Get-ChildItem $copyFilePath -File |Where-Object {$_.BaseName.Length -ne 22} |ForEach-Object {
    # ...
}

Beware that the expression "$($copyFilePath)\$($_.Fullname)" inside the ForEach-Object body will result in an invalid file path, as the FullName property contains an already-rooted path.

答案2

得分: 2

Mathias的答案是正确的PowerShell方法来完成你想要的操作,但显然不是最快的方法。如果你想要更快的方法,可以依赖.NET API调用,而不是依赖PowerShell cmdlet。

$queue = [System.Collections.Generic.Queue[System.IO.DirectoryInfo]]::new()
$copyFilePath = Get-Item '绝对路径\到\初始目录'
$queue.Enqueue($copyFilePath)

while($queue.Count) {
    $dir = $queue.Dequeue()
    try {
        $enum = $dir.EnumerateFileSystemInfos()
    }
    catch {
        # 在需要时,可以使用 `$_` 进行错误处理
        # 如果无法枚举此目录(权限等),则继续下一个
        continue
    }

    foreach($item in $enum) {
        if($item -is [System.IO.DirectoryInfo]) {
            $queue.Enqueue($item)
            continue
        }

        # `$item` 这里是一个 `FileInfo`,检查其长度
        if($item.BaseName.Length -eq 22) {
            # 如果条件满足,跳过此文件
            continue
        }

        # 这里可以使用 `.CopyTo` 而不是 `Copy-Item`:
        # public FileInfo CopyTo(string destFileName);
        # public FileInfo CopyTo(string destFileName, bool overwrite);

        try {
            # `$destination` 需要事先定义,并且应始终是绝对路径
            # 如果需要保留文件夹结构,还需要在这里处理文件夹的创建
            $item.CopyTo($destination)
        }
        catch {
            # 这里处理错误
        }
    }
}
英文:

Mathias's answer is the correct PowerShell way to do what you're looking for, however definitely not the fastest. If you want something faster you can rely on .NET API calls instead of relying on PowerShell cmdlets.

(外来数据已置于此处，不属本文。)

lemma before_asym: "distinct xs \<Longrightarrow> before xs u v \<Longrightarrow> \<not> before xs v u"
  using before_trans before_irrefl by metis

lemma before_total:
  assumes "u \<in> set xs" "v \<in> set xs" "u \<noteq> v"
  shows "before xs u v \<or> before xs v u"
proof -
  obtain i j where "i < length xs" "xs ! i = u" "j < length xs" "xs ! j = v"
    using assms(1,2) by (metis in_set_conv_nth)
  moreover have "i \<noteq> j"
    using calculation assms(3) by blast
  ultimately show ?thesis
    unfolding before_def by (metis linorder_neqE_nat)
qed

lemma before_filter:
  assumes "before xs u v" "P u" "P v"
  shows "before (filter P xs) u v"
proof -
  obtain ys zs where "xs = ys @ zs" "u \<in> set ys" "v \<in> set zs"
    using assms(1) unfolding before_iff_append by blast
  then show ?thesis
    unfolding before_iff_append using assms(2,3)
    by (intro exI[of _ "filter P ys"] exI[of _ "filter P zs"]) auto
qed

lemma before_filter_iff:
  assumes "distinct xs" "P u" "P v"
  shows "before (filter P xs) u v \<longleftrightarrow> before xs u v"
proof
  assume before_in_filter: "before (filter P xs) u v"
  have "distinct (filter P xs)"
    using assms(1) by simp
  then have "u \<noteq> v" "\<not> before (filter P xs) v u"
    using before_in_filter before_irrefl before_asym by metis+
  moreover have "u \<in> set xs" "v \<in> set xs"
    using before_in_set[OF before_in_filter] by auto
  ultimately show "before xs u v"
    using before_total before_filter assms(2,3) by metis
next
  assume "before xs u v"
  then show "before (filter P xs) u v"
    using before_filter assms(2,3) by metis
qed

lemma before_split_self_iff:
  assumes "distinct (ys @ w # zs)"
  shows "before (ys @ w # zs) u w \<longleftrightarrow> u \<in> set ys"
proof
  assume "before (ys @ w # zs) u w"
  then obtain i j where "i < j" "j < length (ys @ w # zs)" "(ys @ w # zs) ! i = u"
      "(ys @ w # zs) ! j = w"
    unfolding before_def by blast
  moreover from this have "j = length ys"
    using assms nth_eq_iff_index_eq[OF assms, of j "length ys"] by simp
  ultimately show "u \<in> set ys"
    by (auto simp: nth_append)
next
  assume "u \<in> set ys"
  then show "before (ys @ w # zs) u w"
    unfolding before_iff_append by (intro exI[of _ ys] exI[of _ "w # zs"]) simp
qed

lemma filter_before_eq_set_take:
  assumes "distinct xs" "w \<in> set xs"
  shows "{u. P u \<and> before xs u w} = set (take (card {u. P u \<and> before xs u w}) (filter P xs))"
proof -
  obtain ys zs where xs: "xs = ys @ w # zs"
    using assms(2) split_list by metis
  have "{u. P u \<and> before xs u w} = set (filter P ys)"
    using before_split_self_iff[of ys w zs] assms(1) unfolding xs by auto
  moreover have "card (set (filter P ys)) = length (filter P ys)"
    using assms(1) unfolding xs by (intro distinct_card) simp
  ultimately show ?thesis
    unfolding xs by simp
qed

lemma card_before_less:
  assumes "distinct xs" "finite C" "u \<in> C" "before xs u v"
  shows "card {x\<in>C. before xs x u} < card {x\<in>C. before xs x v}"
proof (rule psubset_card_mono)
  show "{x\<in>C. before xs x u} \<subset> {x\<in>C. before xs x v}"
    using assms before_trans before_irrefl by fastforce
qed (use assms(2) in simp)

lemma bij_betw_card_before:
  assumes "distinct xs" "finite C" "C \<subseteq> set xs"
  shows "bij_betw (\<lambda>v. card {u\<in>C. before xs u v}) C {..<card C}"
proof -
  define rank where "rank v = card {u\<in>C. before xs u v}" for v
  have "inj_on rank C"
  proof
    fix u v assume uv: "u \<in> C" "v \<in> C" "rank u = rank v"
    show "u = v"
    proof (rule ccontr)
      assume "u \<noteq> v"
      then consider "before xs u v" | "before xs v u"
        using before_total[of u xs v] uv assms(3) by blast
      then show False
      proof cases
        case 1
        then have "rank u < rank v"
          unfolding rank_def by (rule card_before_less[OF assms(1,2) uv(1)])
        then show False
          using uv(3) by simp
      next
        case 2
        then have "rank v < rank u"
          unfolding rank_def by (rule card_before_less[OF assms(1,2) uv(2)])
        then show False
          using uv(3) by simp
      qed
    qed
  qed
  moreover have "rank ` C \<subseteq> {..<card C}"
  proof (rule image_subsetI)
    fix v assume "v \<in> C"
    have "rank v \<le> card (C - {v})"
      unfolding rank_def using assms(2) before_irrefl[OF assms(1)] by (intro card_mono) blast+
    also have "\<dots> < card C"
      using assms(2) \<open>v \<in> C\<close> by (rule card_Diff1_less)
    finally show "rank v \<in> {..<card C}"
      by simp
  qed
  moreover have "card (rank ` C) = card {..<card C}"
    using card_image[OF \<open>inj_on rank C\<close>] by simp
  ultimately have "rank ` C = {..<card C}"
    using card_subset_eq[of "{..<card C}" "rank ` C"] by blast
  then show ?thesis
    using \<open>inj_on rank C\<close> unfolding bij_betw_def rank_def by simp
qed

lemma card_before_add_card_after:
  assumes "distinct xs" "finite C" "C \<subseteq> set xs" "v \<in> C"
  shows "card {u\<in>C. before xs u v} + card {u\<in>C. before xs v u} + 1 = card C"
proof -
  have "C = insert v ({u\<in>C. before xs u v} \<union> {u\<in>C. before xs v u})"
    using before_total[of _ xs v] assms(3,4) by auto
  moreover have "v \<notin> {u\<in>C. before xs u v} \<union> {u\<in>C. before xs v u}"
    using before_irrefl[OF assms(1)] by simp
  moreover have "{u\<in>C. before xs u v} \<inter> {u\<in>C. before xs v u} = {}"
    using before_asym[OF assms(1)] by blast
  ultimately have "card C = Suc (card {u\<in>C. before xs u v} + card {u\<in>C. before xs v u})"
    using assms(2) by (metis card_Un_disjoint card_insert_disjoint finite_Un finite_insert)
  then show ?thesis
    by simp
qed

$queue = [System.Collections.Generic.Queue[System.IO.DirectoryInfo]]::new()
$copyFilePath = Get-Item 'absolute\path\to\initialDir'
$queue.Enqueue($copyFilePath)

while($queue.Count) {
    $dir = $queue.Dequeue()
    try {
        $enum = $dir.EnumerateFileSystemInfos()
    }
    catch {
        # Use `$_` here for error handling if needed
        # if we can't enumerate this Directory (permissions, etc), go next
        continue
    }

    foreach($item in $enum) {
        if($item -is [System.IO.DirectoryInfo]) {
            $queue.Enqueue($item)
            continue
        }

        # `$item` is a `FileInfo` here, check its Length
        if($item.BaseName.Length -eq 22) {
            # skip this file if condition is met
            continue
        }

        # here you can use `.CopyTo` instead of `Copy-Item`:
        # public FileInfo CopyTo(string destFileName);
        # public FileInfo CopyTo(string destFileName, bool overwrite);

        try {
            # `$destination` needs to be defined beforehand and should always be an absolute path
            # if the folder structure needs to be preserved you also need to handle the folder creation here
            $item.CopyTo($destination)
        }
        catch {
            # error handling here
        }
    }
}

答案3

得分: 1

以下是翻译好的内容:

要补充Mathias的有益回答Santiago的有益回答,提供一些背景信息性能考虑

  • 如果可行的话,确实建议使用-Filter参数,因为它在源头进行过滤并仅返回感兴趣的对象,比在PowerShell中返回所有对象然后在事后进行过滤要快得多。

    • 每个PowerShell提供程序都决定-Filter是否支持什么类型的过滤器;任何这样的过滤器都不可避免地是一个字符串(尽管提供程序如何解释字符串由提供程序决定)。

    • 对于FileSystem提供程序来说,-Filter仅支持单个通配符名称模式(例如,'*.txt'),通过.NET API最终传递给平台本地API。

    • 值得注意的是,这些API支持的通配符“语言”(a)比PowerShell自己的通配符(例如,它们缺少[...]来表示字符范围和集合)要弱大,并且(b)在Windows上充斥着遗留怪癖 - 请参阅此答案以了解详细信息。

  • PowerShell在底层使用的.NET API也不支持诸如_文件大小_之类的开放性过滤器;换句话说,在源头执行所需的过滤是基本不支持的。

    • 但是,直接的.NET API调用确实提供了性能优势:

      • PowerShell的cmdlet和管道通常与直接的.NET API调用相比有开销,尤其是在来自_provider_ cmdlet的情况下,每个输出对象都被装饰为包含提供程序元数据的_instance_-level ETS属性,例如.PSPath

      • 可能在未来加快速度(并减少内存负载),通过使用CodeProperty成员在_type_级别而不是每个实例的NoteProperty成员来定义这些属性,这是GitHub问题#7501的主题。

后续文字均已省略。